> YOUR GOAL:
In the entries that follow, how many lines include "moreover"? Give the number and nothing else.

(Dataset entries)
.....

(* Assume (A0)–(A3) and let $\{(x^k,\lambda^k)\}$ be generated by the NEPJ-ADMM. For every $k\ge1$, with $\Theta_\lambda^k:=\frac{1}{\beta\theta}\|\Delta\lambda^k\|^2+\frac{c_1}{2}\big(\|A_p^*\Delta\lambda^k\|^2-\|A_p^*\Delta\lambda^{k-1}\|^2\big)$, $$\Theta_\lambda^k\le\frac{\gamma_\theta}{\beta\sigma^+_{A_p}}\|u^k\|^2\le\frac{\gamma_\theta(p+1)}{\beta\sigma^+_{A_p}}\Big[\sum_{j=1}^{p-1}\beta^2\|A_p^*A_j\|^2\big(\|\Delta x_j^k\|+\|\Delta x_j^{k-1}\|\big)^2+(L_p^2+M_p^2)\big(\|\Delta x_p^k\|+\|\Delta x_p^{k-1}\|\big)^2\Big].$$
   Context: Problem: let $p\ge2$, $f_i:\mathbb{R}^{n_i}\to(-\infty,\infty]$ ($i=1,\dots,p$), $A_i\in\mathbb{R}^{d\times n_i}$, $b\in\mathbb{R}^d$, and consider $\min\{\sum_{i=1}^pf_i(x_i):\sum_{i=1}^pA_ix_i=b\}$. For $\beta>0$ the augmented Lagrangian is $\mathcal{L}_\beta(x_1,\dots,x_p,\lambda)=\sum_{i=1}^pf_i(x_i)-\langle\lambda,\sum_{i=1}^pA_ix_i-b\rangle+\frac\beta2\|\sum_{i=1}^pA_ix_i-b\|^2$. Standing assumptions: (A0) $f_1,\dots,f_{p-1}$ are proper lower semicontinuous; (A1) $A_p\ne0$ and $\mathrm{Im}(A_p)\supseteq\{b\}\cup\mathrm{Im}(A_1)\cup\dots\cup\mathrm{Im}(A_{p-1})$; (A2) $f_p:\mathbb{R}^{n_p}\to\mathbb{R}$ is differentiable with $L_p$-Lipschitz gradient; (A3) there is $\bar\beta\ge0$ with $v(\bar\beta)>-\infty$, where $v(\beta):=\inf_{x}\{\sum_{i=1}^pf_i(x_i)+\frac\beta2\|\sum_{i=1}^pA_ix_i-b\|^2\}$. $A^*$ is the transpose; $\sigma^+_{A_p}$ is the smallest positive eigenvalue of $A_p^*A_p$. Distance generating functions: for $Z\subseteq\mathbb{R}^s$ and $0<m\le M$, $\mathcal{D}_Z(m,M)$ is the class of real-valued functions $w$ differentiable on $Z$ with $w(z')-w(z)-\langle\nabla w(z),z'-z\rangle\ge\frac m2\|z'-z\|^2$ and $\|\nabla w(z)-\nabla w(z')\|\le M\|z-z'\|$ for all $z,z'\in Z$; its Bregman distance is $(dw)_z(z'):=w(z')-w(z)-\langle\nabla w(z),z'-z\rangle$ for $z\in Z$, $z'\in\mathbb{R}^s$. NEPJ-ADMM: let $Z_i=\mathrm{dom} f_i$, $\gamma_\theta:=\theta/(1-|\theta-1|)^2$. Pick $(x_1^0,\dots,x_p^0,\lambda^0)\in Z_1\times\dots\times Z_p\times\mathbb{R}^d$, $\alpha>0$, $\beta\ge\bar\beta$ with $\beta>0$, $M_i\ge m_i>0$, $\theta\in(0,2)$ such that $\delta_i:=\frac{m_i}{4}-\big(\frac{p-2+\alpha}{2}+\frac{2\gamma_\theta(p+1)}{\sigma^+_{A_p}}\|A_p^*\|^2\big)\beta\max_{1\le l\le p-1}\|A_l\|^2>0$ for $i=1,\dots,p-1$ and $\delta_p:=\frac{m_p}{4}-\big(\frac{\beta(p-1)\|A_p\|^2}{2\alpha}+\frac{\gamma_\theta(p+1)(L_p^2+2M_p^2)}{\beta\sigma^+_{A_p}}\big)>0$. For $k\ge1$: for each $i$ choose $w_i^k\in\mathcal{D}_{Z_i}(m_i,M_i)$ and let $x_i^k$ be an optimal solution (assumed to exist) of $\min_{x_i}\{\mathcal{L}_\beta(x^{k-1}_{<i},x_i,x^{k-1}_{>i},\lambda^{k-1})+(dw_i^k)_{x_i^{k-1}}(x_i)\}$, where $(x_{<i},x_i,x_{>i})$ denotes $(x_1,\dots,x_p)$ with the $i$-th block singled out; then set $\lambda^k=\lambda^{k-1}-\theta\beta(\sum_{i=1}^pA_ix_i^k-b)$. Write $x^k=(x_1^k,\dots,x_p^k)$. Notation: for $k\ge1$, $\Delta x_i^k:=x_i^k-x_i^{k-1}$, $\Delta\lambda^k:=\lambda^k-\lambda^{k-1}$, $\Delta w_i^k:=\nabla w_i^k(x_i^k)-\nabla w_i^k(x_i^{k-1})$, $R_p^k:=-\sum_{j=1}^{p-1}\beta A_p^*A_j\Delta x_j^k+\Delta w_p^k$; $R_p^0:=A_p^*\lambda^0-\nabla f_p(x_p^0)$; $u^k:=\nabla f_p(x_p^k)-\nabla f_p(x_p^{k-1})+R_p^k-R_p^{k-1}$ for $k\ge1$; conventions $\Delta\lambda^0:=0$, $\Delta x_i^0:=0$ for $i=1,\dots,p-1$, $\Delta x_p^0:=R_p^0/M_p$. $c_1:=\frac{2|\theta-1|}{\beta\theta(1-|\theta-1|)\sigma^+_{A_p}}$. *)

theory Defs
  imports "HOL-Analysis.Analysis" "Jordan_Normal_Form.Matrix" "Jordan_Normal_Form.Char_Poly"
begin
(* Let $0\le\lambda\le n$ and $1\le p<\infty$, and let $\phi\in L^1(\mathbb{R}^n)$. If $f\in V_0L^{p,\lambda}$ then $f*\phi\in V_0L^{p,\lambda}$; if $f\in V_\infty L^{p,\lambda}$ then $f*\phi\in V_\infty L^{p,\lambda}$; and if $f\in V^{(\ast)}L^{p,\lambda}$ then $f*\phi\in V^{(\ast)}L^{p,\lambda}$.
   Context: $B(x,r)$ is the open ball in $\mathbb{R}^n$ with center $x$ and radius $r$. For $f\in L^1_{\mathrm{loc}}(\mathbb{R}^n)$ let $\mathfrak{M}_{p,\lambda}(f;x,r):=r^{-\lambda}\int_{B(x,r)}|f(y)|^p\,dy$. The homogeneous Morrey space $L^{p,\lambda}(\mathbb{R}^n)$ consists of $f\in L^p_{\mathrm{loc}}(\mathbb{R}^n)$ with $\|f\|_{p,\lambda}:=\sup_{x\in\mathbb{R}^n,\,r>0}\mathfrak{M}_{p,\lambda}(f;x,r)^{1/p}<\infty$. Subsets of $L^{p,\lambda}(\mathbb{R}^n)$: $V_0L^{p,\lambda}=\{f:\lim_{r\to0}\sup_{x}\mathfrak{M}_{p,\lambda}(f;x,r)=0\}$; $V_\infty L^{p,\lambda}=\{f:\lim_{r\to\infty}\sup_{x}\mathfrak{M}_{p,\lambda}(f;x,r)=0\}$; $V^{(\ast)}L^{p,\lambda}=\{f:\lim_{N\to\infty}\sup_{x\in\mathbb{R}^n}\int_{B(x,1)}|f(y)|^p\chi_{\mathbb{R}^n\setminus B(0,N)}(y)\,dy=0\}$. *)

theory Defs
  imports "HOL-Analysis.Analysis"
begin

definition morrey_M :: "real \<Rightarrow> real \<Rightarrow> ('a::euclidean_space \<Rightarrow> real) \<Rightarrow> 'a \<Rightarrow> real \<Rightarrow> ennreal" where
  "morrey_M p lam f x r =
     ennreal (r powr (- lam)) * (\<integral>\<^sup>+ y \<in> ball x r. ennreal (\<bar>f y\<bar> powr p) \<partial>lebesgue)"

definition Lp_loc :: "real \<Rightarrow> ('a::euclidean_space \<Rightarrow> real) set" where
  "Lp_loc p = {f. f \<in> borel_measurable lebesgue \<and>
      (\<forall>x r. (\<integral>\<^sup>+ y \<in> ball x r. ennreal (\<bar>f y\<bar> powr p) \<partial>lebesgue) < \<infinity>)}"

.....

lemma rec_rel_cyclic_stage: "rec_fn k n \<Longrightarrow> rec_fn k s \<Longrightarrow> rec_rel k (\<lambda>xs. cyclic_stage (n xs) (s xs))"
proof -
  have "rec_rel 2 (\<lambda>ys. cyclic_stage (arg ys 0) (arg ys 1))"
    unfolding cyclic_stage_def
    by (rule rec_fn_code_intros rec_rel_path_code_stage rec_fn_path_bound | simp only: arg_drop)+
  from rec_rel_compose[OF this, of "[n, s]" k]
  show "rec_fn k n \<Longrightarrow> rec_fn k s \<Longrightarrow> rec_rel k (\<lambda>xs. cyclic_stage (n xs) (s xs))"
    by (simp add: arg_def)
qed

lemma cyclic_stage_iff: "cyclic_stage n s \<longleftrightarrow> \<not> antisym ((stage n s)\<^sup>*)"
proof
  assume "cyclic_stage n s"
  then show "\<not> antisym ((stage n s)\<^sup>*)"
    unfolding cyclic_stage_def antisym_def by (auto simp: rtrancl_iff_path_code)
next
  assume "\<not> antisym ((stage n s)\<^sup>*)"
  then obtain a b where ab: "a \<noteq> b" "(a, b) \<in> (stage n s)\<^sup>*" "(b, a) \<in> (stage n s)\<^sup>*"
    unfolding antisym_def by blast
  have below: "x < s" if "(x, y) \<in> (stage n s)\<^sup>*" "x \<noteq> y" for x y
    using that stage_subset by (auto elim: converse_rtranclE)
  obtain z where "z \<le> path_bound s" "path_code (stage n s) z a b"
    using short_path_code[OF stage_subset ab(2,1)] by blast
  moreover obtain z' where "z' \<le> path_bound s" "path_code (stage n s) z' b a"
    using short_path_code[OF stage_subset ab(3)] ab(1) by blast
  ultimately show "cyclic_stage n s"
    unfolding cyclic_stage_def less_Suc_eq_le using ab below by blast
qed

.....

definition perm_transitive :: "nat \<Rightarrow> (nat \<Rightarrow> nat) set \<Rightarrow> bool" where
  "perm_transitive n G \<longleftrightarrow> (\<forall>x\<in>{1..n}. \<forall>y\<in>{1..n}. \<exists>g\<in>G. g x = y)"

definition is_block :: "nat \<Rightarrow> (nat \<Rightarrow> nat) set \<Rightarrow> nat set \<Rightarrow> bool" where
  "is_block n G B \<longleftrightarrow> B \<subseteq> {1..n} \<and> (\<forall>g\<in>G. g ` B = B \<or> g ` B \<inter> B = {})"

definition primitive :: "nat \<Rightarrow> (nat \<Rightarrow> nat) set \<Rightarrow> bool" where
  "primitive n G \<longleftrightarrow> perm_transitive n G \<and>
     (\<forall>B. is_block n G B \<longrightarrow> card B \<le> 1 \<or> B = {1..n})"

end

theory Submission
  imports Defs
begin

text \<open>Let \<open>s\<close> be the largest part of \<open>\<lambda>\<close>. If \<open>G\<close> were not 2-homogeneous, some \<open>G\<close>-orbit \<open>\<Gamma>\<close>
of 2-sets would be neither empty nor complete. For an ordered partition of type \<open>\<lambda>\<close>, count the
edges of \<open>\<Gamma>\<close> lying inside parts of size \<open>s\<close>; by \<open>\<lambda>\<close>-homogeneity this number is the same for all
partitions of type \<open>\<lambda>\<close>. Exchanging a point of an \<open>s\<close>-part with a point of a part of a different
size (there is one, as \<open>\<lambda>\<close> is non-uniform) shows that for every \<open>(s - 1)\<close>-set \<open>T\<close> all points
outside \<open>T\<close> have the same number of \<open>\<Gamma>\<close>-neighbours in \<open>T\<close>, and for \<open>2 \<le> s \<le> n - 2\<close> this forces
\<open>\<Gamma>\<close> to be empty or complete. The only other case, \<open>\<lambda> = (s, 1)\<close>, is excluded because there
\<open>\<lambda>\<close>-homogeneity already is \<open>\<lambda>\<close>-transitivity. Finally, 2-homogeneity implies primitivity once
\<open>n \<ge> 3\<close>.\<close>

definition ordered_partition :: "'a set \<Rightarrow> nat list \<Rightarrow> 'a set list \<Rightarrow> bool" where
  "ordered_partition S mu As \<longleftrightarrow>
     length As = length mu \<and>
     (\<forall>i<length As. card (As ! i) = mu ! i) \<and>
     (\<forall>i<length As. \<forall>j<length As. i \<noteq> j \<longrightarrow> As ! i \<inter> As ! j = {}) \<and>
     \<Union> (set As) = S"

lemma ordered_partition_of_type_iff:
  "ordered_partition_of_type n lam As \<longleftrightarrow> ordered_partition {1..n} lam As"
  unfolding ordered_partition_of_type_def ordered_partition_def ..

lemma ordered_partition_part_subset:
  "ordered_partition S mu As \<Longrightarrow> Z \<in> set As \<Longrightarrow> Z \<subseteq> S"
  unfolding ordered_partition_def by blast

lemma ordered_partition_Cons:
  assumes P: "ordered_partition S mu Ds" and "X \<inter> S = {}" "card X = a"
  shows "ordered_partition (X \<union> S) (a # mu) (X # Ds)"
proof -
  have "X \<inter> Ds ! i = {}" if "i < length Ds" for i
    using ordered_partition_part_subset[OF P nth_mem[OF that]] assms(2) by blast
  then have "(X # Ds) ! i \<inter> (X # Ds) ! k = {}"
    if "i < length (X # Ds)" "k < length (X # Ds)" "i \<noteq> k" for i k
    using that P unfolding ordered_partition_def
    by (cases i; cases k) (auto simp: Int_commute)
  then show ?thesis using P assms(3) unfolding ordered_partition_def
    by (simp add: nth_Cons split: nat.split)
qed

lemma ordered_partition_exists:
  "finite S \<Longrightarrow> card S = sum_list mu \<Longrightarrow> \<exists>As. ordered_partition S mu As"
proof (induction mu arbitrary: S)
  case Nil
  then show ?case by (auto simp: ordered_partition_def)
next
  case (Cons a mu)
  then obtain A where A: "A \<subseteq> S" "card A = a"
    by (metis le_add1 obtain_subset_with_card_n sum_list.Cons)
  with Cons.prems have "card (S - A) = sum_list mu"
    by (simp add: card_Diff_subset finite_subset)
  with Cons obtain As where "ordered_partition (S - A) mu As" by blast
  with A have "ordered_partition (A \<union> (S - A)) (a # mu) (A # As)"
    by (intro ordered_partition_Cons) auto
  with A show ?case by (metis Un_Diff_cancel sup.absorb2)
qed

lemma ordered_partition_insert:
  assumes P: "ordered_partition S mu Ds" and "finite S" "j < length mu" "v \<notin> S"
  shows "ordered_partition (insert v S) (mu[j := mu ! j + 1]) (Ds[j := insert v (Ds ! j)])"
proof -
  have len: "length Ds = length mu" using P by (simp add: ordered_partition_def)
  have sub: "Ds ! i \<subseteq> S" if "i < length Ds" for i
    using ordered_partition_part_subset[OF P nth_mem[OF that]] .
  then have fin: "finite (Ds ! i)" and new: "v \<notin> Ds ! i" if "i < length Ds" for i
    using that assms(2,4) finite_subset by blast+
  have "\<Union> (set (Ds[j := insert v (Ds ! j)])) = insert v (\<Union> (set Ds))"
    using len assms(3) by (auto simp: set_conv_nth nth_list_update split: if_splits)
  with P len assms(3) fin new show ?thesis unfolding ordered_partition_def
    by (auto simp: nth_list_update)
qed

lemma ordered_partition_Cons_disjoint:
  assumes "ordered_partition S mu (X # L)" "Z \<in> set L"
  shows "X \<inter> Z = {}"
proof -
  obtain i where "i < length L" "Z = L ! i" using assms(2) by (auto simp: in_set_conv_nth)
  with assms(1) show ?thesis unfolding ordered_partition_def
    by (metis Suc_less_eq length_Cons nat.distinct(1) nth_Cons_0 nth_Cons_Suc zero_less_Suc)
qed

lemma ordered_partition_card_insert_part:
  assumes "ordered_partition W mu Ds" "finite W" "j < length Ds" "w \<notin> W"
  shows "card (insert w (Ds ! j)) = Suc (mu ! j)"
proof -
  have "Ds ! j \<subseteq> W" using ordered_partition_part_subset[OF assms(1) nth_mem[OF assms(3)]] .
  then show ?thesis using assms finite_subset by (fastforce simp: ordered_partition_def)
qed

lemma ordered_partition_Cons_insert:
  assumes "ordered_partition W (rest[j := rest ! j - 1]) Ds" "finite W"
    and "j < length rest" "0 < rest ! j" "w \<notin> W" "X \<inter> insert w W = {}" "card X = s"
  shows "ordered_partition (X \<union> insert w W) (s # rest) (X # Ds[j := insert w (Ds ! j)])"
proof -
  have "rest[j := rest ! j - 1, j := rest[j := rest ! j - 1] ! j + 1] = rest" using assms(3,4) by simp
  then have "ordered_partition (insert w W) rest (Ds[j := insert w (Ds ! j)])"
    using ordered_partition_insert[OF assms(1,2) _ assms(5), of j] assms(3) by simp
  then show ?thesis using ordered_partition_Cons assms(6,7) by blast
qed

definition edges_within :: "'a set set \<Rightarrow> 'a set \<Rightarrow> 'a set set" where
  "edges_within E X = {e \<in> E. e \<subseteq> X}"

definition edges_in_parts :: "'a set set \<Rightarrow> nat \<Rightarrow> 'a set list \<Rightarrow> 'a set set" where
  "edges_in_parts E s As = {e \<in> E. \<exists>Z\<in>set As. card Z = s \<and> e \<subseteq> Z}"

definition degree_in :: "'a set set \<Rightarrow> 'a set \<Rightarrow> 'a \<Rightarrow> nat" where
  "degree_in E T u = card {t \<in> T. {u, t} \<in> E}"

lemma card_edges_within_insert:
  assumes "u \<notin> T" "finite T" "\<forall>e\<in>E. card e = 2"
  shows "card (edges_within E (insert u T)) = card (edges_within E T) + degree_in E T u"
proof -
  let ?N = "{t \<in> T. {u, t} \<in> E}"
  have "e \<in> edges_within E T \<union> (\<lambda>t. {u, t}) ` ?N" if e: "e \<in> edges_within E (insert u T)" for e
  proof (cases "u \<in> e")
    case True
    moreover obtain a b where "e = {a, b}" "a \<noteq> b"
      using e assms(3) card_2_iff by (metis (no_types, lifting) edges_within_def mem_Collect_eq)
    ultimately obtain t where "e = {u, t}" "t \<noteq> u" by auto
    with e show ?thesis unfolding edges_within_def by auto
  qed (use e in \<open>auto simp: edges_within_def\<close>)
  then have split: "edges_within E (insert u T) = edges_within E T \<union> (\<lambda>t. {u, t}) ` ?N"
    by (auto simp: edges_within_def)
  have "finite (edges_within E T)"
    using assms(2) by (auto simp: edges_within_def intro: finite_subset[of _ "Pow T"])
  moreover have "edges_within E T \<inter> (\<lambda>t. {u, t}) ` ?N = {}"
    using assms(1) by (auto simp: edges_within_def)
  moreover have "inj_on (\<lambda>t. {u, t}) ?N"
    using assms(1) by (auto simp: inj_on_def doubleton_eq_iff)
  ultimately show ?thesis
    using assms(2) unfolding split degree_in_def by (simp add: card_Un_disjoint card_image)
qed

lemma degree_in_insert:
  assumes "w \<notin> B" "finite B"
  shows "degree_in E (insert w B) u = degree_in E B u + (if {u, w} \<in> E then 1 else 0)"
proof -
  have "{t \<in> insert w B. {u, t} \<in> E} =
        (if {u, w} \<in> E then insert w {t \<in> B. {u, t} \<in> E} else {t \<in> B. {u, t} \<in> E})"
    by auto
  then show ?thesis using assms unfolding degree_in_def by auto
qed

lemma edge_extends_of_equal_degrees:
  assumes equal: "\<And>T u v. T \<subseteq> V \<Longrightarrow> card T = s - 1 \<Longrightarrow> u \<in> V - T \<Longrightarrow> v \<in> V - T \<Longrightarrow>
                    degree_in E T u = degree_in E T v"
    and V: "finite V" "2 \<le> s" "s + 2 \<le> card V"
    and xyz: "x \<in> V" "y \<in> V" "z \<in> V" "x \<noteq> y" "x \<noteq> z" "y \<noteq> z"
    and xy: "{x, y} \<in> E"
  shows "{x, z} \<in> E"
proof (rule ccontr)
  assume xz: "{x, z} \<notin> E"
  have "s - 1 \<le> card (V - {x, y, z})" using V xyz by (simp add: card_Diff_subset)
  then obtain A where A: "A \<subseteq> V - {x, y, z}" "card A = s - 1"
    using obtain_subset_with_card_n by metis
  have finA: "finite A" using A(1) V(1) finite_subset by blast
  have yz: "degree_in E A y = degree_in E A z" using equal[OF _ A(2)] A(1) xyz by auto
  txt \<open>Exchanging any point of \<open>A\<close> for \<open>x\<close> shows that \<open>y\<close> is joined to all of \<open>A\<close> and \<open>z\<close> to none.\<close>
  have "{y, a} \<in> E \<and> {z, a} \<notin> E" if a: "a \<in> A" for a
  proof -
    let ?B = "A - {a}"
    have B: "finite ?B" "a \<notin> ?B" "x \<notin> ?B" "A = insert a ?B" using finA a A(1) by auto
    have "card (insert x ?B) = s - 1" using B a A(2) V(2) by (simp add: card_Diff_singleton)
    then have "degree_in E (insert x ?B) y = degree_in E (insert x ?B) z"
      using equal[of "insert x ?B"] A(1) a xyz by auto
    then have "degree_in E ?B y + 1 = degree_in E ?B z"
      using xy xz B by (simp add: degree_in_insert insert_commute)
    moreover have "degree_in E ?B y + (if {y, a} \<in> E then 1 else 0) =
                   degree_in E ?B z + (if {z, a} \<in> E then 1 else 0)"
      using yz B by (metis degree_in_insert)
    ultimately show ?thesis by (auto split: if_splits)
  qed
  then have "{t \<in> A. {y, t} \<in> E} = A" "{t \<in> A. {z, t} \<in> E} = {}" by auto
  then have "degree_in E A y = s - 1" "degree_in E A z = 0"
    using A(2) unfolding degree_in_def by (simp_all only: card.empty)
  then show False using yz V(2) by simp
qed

.....

> YOUR RESPONSE:
5